Every cyberattack begins with reconnaissance. Before an adversary sends a phishing email, exploits a vulnerability, or attempts to breach your network, they spend time gathering information about your organization from publicly available sources. This process is known as Open Source Intelligence (OSINT) -- the collection and analysis of information from public, freely accessible data.

The uncomfortable truth is that attackers often know more about your external attack surface than you do. They enumerate your subdomains, find leaked credentials in breach databases, discover API keys committed to public repositories, and map your employees' digital footprints across social media platforms. They do this systematically, using the same tools and techniques available to anyone with an internet connection.

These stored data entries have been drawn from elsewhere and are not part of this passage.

(* Let $G=(V,E)$ be a finite connected graph (loops allowed) equipped with a random walk $m=\{m_v\}_{v\in V}$ which is ergodic, with invariant distribution $\nu$, and suppose $G$ (with $m$) has Ricci curvature at least $\kappa>0$. Then for every $1$-Lipschitz function $f\colon V\to\mathbb{R}$ and every $t\ge 1$, \[\nu\big(f-E_\nu[f]>t\big)\le \exp\Big(-\frac{t^2\kappa}{7}\Big)\quad\text{and}\quad \nu\big(f-E_\nu[f]<-t\big)\le \exp\Big(-\frac{t^2\kappa}{7}\Big).\]
   Context: For a vertex $v$, $\Gamma(v)$ is the set of neighbors of $v$ and $N(v)=\Gamma(v)\cup\{v\}$. A random walk on $G$ is a family $m=\{m_v\}_{v\in V}$ of probability distributions on $V$ with $m_v$ supported on $N(v)$. It is ergodic if it has a unique invariant distribution $\nu$ (i.e. $\sum_{x}\nu(x)m_x(y)=\nu(y)$ for all $y$) and the distributions of the walk converge to $\nu$ from any starting vertex. $d(x,y)$ is the graph distance. For probability distributions $m_1,m_2$ on $V$, the transportation distance is $W(m_1,m_2)=\inf_A\sum_{x,y}A(x,y)d(x,y)$, the infimum over couplings $A\colon V\times V\to[0,1]$ with $\sum_y A(x,y)=m_1(x)$, $\sum_x A(x,y)=m_2(y)$. The (Ollivier) Ricci curvature is $\kappa(x,y)=1-W(m_x,m_y)/d(x,y)$ for $x\ne y$; $G$ has Ricci curvature at least $\kappa_0$ if $\kappa(x,y)\ge\kappa_0$ for all distinct $x,y\in V$. A function $f\colon V\to\mathbb{R}$ is $c$-Lipschitz if $|f(u)-f(v)|\le c$ for every edge $uv\in E$. $E_\nu$ denotes expectation with respect to $\nu$, and $\nu(\cdot)$ the $\nu$-probability of an event on $V$. *)

theory Defs
  imports "HOL-Analysis.Analysis"
begin

definition graph :: "'a set \<Rightarrow> ('a \<Rightarrow> 'a \<Rightarrow> bool) \<Rightarrow> bool" where
  "graph V E \<longleftrightarrow> finite V \<and> V \<noteq> {} \<and> (\<forall>u v. E u v \<longrightarrow> u \<in> V \<and> v \<in> V) \<and> (\<forall>u v. E u v \<longrightarrow> E v u)"

inductive reach :: "('a \<Rightarrow> 'a \<Rightarrow> bool) \<Rightarrow> nat \<Rightarrow> 'a \<Rightarrow> 'a \<Rightarrow> bool" for E where
  reach0: "reach E 0 u u"
| reachS: "E u w \<Longrightarrow> reach E n w v \<Longrightarrow> reach E (Suc n) u v"

definition connected_graph :: "'a set \<Rightarrow> ('a \<Rightarrow> 'a \<Rightarrow> bool) \<Rightarrow> bool" where
  "connected_graph V E \<longleftrightarrow> (\<forall>u\<in>V. \<forall>v\<in>V. \<exists>n. reach E n u v)"

definition gdist :: "('a \<Rightarrow> 'a \<Rightarrow> bool) \<Rightarrow> 'a \<Rightarrow> 'a \<Rightarrow> real" where
  "gdist E u v = real (LEAST n. reach E n u v)"

definition prob_dist :: "'a set \<Rightarrow> ('a \<Rightarrow> real) \<Rightarrow> bool" where
  "prob_dist V p \<longleftrightarrow> (\<forall>x. 0 \<le> p x) \<and> (\<forall>x. x \<notin> V \<longrightarrow> p x = 0) \<and> sum p V = 1"

definition random_walk :: "'a set \<Rightarrow> ('a \<Rightarrow> 'a \<Rightarrow> bool) \<Rightarrow> ('a \<Rightarrow> 'a \<Rightarrow> real) \<Rightarrow> bool" where
  "random_walk V E m \<longleftrightarrow> (\<forall>v\<in>V. prob_dist V (m v) \<and> (\<forall>x. m v x \<noteq> 0 \<longrightarrow> x = v \<or> E v x))"

definition walk_step :: "'a set \<Rightarrow> ('a \<Rightarrow> 'a \<Rightarrow> real) \<Rightarrow> ('a \<Rightarrow> real) \<Rightarrow> ('a \<Rightarrow> real)" where
  "walk_step V m p = (\<lambda>y. \<Sum>x\<in>V. p x * m x y)"

definition invariant_dist :: "'a set \<Rightarrow> ('a \<Rightarrow> 'a \<Rightarrow> real) \<Rightarrow> ('a \<Rightarrow> real) \<Rightarrow> bool" where
  "invariant_dist V m nu \<longleftrightarrow> prob_dist V nu \<and> (\<forall>y\<in>V. (\<Sum>x\<in>V. nu x * m x y) = nu y)"

definition ergodic_with :: "'a set \<Rightarrow> ('a \<Rightarrow> 'a \<Rightarrow> real) \<Rightarrow> ('a \<Rightarrow> real) \<Rightarrow> bool" where
  "ergodic_with V m nu \<longleftrightarrow> invariant_dist V m nu
     \<and> (\<forall>mu. invariant_dist V m mu \<longrightarrow> mu = nu)
     \<and> (\<forall>v\<in>V. \<forall>y\<in>V. (\<lambda>n. ((walk_step V m) ^^ n) (\<lambda>x. if x = v then 1 else 0) y) \<longlonglongrightarrow> nu y)"

definition coupling :: "'a set \<Rightarrow> ('a \<Rightarrow> real) \<Rightarrow> ('a \<Rightarrow> real) \<Rightarrow> ('a \<times> 'a \<Rightarrow> real) \<Rightarrow> bool" where
  "coupling V m1 m2 A \<longleftrightarrow> (\<forall>p. 0 \<le> A p \<and> A p \<le> 1)
     \<and> (\<forall>x\<in>V. (\<Sum>y\<in>V. A (x, y)) = m1 x) \<and> (\<forall>y\<in>V. (\<Sum>x\<in>V. A (x, y)) = m2 y)"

The good news: defenders can use these exact same techniques proactively. By conducting OSINT against your own organization, you can discover what an attacker would find -- and remediate exposures before they are exploited. This article walks through the core OSINT techniques relevant to defensive security and shows you how to build a practical workflow for mapping your organization's attack surface.

The Attack Surface Problem

Modern organizations have sprawling digital footprints that extend far beyond the systems managed by their IT department. Consider what a typical mid-sized company exposes to the public internet:

  • Forgotten subdomains -- old staging servers, decommissioned marketing microsites, test environments that were never properly shut down
  • Leaked credentials -- employee email and password combinations appearing in third-party data breaches
  • Exposed APIs and services -- internal tools accidentally reachable from the internet, admin panels without proper authentication
  • Code in public repositories -- developers pushing internal configurations, API keys, or infrastructure details to public GitHub repositories
  • Employee information on social media -- organizational charts, technology stacks, internal processes revealed through LinkedIn posts, conference talks, and job postings
  • Cloud storage misconfigurations -- publicly readable S3 buckets, Azure Blob containers, or Google Cloud Storage objects

Most organizations lack a complete inventory of these exposures. Traditional vulnerability scanners only cover known assets. OSINT fills the gap by discovering unknown unknowns -- the assets and exposures you did not know existed.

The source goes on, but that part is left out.